In the material below, find each line with the word "exists" and copy it.

>>>>>

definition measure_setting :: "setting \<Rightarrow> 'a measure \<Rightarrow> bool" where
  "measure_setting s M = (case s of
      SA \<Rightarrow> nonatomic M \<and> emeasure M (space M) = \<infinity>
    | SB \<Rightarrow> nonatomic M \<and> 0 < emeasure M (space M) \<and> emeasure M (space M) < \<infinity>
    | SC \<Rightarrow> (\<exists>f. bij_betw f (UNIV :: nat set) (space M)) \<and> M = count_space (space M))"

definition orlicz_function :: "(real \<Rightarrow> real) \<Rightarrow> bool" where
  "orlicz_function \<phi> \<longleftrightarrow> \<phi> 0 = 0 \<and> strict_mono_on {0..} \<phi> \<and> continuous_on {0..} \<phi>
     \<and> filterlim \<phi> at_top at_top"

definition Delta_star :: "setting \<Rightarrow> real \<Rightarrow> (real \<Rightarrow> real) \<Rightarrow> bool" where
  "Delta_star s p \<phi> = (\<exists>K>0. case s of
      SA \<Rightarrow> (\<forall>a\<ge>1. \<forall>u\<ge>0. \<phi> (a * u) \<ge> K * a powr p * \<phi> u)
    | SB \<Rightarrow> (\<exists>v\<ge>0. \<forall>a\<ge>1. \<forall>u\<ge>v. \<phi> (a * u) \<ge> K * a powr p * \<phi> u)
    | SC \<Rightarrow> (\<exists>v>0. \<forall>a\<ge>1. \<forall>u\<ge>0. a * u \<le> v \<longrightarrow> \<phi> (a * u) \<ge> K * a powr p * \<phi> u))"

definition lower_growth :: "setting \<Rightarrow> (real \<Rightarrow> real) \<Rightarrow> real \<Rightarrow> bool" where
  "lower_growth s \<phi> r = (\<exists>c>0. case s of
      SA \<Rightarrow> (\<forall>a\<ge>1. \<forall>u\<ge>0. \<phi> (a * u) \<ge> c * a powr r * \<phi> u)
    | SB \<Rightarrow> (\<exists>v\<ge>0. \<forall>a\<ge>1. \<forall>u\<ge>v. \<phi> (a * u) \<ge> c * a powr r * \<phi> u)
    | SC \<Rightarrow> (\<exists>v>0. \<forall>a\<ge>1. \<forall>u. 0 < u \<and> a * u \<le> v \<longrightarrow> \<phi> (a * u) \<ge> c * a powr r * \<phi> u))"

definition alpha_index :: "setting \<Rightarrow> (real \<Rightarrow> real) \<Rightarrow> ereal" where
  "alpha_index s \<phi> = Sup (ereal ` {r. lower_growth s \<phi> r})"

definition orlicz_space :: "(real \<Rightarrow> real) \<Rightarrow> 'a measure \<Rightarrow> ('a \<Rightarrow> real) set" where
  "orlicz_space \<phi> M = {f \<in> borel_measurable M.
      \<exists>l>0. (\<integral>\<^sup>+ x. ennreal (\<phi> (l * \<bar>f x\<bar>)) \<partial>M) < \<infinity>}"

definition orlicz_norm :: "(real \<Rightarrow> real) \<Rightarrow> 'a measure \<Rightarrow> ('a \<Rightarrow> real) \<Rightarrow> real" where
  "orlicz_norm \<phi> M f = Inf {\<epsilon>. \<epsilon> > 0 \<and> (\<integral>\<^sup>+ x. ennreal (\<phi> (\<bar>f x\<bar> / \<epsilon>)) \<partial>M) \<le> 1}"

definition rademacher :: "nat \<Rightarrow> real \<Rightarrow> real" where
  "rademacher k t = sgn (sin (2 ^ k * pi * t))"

<<<<<
>>>>>

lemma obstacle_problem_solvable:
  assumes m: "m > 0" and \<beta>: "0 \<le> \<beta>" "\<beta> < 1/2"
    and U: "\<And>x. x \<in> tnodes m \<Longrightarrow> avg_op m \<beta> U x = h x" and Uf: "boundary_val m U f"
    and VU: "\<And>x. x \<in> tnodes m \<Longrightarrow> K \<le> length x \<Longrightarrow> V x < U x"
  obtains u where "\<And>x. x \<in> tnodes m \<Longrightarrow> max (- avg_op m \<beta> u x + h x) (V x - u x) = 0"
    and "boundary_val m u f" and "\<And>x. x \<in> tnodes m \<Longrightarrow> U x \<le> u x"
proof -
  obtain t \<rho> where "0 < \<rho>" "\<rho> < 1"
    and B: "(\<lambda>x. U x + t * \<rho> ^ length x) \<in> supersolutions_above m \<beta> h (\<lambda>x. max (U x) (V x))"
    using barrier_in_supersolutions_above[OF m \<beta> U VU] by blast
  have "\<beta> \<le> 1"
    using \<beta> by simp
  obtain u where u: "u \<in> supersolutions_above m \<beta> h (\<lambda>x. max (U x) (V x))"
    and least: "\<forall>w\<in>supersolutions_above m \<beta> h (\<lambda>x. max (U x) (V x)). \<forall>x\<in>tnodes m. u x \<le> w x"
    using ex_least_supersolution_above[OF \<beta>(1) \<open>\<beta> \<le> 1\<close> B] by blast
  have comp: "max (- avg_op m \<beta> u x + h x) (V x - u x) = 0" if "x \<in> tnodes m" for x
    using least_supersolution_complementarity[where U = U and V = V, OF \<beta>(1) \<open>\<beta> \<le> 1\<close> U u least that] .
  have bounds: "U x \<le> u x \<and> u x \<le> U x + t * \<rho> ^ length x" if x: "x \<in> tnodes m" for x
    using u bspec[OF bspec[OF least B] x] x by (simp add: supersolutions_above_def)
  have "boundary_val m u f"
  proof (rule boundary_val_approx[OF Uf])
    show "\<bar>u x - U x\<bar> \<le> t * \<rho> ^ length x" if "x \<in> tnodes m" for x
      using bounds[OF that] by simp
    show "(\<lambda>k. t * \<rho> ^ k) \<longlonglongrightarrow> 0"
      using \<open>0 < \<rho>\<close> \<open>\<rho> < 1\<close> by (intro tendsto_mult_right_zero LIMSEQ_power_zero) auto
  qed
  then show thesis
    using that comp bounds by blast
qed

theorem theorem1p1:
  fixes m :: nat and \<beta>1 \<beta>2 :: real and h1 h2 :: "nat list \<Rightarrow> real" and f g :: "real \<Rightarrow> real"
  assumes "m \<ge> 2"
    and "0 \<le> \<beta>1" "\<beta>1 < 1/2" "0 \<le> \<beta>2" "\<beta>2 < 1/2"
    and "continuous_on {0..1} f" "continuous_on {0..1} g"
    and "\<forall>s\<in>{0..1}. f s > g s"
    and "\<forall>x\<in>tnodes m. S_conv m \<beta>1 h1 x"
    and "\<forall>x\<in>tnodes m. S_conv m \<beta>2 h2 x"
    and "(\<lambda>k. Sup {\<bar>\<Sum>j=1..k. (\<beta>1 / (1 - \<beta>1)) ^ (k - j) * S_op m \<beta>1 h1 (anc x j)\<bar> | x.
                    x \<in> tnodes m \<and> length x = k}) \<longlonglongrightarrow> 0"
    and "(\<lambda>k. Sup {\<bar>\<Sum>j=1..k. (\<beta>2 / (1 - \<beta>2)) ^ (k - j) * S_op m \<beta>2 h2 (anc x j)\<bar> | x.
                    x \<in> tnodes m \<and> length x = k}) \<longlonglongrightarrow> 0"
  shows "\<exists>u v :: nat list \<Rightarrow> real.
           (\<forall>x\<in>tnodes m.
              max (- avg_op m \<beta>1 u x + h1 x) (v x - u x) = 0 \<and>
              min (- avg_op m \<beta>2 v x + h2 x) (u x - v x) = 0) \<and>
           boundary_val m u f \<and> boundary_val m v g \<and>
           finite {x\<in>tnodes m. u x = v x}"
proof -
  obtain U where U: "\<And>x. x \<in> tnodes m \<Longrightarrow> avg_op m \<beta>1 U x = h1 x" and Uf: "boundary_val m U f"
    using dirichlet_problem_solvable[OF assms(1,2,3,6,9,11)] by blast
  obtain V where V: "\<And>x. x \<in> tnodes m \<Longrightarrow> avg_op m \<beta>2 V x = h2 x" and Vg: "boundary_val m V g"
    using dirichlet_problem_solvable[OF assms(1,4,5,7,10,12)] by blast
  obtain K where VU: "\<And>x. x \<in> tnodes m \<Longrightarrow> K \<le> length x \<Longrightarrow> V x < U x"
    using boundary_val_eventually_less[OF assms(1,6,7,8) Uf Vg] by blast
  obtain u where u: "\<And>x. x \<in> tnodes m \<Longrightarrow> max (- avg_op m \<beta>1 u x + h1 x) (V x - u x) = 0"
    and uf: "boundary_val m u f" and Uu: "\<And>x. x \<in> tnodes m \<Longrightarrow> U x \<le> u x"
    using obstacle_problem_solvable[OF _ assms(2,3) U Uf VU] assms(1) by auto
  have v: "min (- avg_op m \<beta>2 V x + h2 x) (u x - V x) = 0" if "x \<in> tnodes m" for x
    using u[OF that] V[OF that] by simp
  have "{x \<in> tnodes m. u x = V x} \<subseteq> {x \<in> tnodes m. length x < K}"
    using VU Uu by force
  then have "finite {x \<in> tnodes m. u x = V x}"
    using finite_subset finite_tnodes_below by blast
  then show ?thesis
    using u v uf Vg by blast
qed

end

<<<<<

* Solution to the exercise:
    | SC \<Rightarrow> (\<exists>f. bij_betw f (UNIV :: nat set) (space M)) \<and> M = count_space (space M))"
  "Delta_star s p \<phi> = (\<exists>K>0. case s of
    | SB \<Rightarrow> (\<exists>v\<ge>0. \<forall>a\<ge>1. \<forall>u\<ge>v. \<phi> (a * u) \<ge> K * a powr p * \<phi> u)
    | SC \<Rightarrow> (\<exists>v>0. \<forall>a\<ge>1. \<forall>u\<ge>0. a * u \<le> v \<longrightarrow> \<phi> (a * u) \<ge> K * a powr p * \<phi> u))"
  "lower_growth s \<phi> r = (\<exists>c>0. case s of
    | SB \<Rightarrow> (\<exists>v\<ge>0. \<forall>a\<ge>1. \<forall>u\<ge>v. \<phi> (a * u) \<ge> c * a powr r * \<phi> u)
    | SC \<Rightarrow> (\<exists>v>0. \<forall>a\<ge>1. \<forall>u. 0 < u \<and> a * u \<le> v \<longrightarrow> \<phi> (a * u) \<ge> c * a powr r * \<phi> u))"
      \<exists>l>0. (\<integral>\<^sup>+ x. ennreal (\<phi> (l * \<bar>f x\<bar>)) \<partial>M) < \<infinity>}"
  shows "\<exists>u v :: nat list \<Rightarrow> real.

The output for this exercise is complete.